--- MATERIAL FOR THIS EXERCISE Enclosed Below ---

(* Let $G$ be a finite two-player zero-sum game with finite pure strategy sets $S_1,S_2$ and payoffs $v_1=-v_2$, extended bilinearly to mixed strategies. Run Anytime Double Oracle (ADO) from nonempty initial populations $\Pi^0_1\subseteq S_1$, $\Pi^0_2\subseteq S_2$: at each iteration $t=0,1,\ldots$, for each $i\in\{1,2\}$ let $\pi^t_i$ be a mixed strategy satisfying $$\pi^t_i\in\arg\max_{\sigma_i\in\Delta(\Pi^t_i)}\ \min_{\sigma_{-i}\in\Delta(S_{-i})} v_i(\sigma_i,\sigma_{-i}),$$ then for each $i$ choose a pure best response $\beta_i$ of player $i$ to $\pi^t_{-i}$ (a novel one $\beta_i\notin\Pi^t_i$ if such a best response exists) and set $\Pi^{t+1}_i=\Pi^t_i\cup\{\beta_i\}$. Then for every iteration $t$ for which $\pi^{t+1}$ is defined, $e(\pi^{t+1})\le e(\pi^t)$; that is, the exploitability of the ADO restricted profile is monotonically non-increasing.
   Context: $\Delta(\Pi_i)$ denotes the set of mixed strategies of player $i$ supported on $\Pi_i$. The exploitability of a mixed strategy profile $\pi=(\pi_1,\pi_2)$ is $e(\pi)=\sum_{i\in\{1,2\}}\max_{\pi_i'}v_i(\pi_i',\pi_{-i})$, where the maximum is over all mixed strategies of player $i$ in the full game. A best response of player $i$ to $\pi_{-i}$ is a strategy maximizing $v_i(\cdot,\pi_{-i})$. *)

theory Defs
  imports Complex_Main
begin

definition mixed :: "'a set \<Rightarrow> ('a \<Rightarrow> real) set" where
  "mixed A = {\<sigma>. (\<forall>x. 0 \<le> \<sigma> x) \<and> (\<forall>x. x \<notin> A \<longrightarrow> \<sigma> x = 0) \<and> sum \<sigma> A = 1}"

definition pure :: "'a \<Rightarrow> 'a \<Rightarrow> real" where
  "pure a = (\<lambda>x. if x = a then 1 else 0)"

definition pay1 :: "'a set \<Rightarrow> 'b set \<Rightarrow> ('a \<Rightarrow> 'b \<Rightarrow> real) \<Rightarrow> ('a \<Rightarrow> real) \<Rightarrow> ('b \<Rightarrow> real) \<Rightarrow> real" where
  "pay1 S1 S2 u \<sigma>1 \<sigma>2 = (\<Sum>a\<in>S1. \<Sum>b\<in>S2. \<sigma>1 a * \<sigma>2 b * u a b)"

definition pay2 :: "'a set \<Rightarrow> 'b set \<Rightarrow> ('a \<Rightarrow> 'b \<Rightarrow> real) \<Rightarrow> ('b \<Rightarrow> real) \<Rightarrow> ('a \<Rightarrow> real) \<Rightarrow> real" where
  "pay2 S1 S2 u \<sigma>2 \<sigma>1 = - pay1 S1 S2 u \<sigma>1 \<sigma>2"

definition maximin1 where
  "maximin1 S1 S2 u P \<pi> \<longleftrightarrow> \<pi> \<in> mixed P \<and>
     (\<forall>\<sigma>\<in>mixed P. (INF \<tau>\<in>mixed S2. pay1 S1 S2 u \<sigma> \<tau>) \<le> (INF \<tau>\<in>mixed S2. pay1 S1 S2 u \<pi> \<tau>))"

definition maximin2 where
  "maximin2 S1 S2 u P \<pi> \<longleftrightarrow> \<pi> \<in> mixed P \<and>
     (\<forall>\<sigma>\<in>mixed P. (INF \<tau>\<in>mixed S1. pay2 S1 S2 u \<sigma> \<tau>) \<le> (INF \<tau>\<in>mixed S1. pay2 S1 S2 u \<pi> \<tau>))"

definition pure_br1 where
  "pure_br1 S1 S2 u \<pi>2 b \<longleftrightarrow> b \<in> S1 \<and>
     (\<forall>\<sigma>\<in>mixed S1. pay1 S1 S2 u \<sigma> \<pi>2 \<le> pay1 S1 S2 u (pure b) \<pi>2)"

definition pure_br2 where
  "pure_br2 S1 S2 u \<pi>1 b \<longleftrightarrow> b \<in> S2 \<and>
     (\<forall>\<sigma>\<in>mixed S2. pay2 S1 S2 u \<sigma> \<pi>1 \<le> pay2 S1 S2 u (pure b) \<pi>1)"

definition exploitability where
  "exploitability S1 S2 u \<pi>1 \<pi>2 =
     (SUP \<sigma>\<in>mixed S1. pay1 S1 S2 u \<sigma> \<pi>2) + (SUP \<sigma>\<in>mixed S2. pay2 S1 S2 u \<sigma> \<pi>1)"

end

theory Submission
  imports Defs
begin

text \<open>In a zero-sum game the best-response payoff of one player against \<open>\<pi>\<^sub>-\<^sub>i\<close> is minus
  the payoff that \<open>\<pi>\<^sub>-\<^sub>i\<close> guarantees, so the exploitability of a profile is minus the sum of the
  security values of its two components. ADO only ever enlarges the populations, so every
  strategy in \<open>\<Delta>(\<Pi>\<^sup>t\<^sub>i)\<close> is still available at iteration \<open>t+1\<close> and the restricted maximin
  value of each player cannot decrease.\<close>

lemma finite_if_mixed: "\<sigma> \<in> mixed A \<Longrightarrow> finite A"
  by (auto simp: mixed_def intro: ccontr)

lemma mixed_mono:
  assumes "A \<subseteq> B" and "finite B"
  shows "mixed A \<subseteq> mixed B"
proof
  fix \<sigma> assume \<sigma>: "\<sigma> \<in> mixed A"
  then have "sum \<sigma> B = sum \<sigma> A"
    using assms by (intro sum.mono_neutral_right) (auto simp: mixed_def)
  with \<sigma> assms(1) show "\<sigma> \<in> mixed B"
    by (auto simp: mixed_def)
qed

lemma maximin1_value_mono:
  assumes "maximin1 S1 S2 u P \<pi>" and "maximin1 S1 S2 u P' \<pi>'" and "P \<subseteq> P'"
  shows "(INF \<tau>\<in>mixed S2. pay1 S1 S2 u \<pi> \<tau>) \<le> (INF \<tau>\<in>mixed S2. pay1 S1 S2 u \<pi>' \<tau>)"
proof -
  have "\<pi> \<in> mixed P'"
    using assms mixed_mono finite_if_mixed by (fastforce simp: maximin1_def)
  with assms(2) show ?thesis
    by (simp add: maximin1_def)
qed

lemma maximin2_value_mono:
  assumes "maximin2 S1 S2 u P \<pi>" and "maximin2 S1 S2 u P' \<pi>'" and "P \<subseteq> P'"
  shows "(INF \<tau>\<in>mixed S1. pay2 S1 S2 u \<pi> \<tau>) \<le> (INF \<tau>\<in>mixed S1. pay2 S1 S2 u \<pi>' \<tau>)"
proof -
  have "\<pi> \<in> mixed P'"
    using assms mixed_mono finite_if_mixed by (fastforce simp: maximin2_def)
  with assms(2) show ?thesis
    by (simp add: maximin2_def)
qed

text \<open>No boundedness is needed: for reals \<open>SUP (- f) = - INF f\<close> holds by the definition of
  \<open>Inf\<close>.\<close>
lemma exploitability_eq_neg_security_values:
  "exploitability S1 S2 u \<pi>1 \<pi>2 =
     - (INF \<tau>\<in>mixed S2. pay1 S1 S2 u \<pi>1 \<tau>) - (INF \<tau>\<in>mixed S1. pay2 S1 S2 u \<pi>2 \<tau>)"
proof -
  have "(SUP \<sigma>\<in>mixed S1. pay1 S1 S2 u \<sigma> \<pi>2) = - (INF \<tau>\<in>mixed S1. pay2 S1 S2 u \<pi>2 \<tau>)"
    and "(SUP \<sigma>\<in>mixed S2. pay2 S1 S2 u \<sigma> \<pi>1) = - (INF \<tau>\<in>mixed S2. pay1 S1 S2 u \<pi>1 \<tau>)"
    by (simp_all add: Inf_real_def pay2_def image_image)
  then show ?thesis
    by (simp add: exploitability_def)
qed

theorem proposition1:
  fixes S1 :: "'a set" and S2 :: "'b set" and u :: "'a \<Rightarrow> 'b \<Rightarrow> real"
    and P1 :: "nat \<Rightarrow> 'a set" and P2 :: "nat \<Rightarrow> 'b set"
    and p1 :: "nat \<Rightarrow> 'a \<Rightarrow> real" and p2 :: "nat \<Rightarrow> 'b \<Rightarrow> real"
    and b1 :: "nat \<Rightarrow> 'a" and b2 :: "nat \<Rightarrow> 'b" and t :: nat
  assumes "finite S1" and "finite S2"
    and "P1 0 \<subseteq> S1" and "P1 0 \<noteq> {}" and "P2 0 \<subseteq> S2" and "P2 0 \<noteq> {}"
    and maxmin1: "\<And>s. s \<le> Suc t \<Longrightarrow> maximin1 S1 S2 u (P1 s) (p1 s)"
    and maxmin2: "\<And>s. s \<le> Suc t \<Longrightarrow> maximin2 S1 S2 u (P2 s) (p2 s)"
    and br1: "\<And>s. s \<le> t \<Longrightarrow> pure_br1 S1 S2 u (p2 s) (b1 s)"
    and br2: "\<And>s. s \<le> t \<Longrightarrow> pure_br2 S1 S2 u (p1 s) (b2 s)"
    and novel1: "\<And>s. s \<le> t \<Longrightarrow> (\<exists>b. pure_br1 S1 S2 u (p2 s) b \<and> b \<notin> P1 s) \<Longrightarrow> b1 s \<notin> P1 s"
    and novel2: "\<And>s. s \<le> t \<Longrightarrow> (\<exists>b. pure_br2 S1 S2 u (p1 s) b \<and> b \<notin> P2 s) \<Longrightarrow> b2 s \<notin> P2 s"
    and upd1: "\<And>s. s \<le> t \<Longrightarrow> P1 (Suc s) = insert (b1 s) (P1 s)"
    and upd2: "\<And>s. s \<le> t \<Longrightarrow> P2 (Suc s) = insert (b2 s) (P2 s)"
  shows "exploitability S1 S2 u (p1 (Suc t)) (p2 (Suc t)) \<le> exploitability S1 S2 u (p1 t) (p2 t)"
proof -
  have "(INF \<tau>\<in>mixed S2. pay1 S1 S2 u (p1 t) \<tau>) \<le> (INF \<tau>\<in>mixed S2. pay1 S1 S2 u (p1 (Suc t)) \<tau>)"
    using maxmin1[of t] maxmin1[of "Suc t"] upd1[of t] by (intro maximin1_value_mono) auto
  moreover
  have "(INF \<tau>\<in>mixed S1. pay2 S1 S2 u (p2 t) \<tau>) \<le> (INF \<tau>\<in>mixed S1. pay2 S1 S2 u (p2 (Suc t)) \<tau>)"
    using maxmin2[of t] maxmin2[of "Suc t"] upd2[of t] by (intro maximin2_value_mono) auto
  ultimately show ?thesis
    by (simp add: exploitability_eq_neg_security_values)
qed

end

--- End of Enclosed MATERIAL FOR THIS EXERCISE ---

TO DO
Copy the lines above exactly, beginning at the line that has "text \<open>In a" and stopping after the line that has "the payoff that", and omit the rest.

YOUR RESPONSE
text \<open>In a zero-sum game the best-response payoff of one player against \<open>\<pi>\<^sub>-\<^sub>i\<close> is minus
  the payoff that \<open>\<pi>\<^sub>-\<^sub>i\<close> guarantees, so the exploitability of a profile is minus the sum of the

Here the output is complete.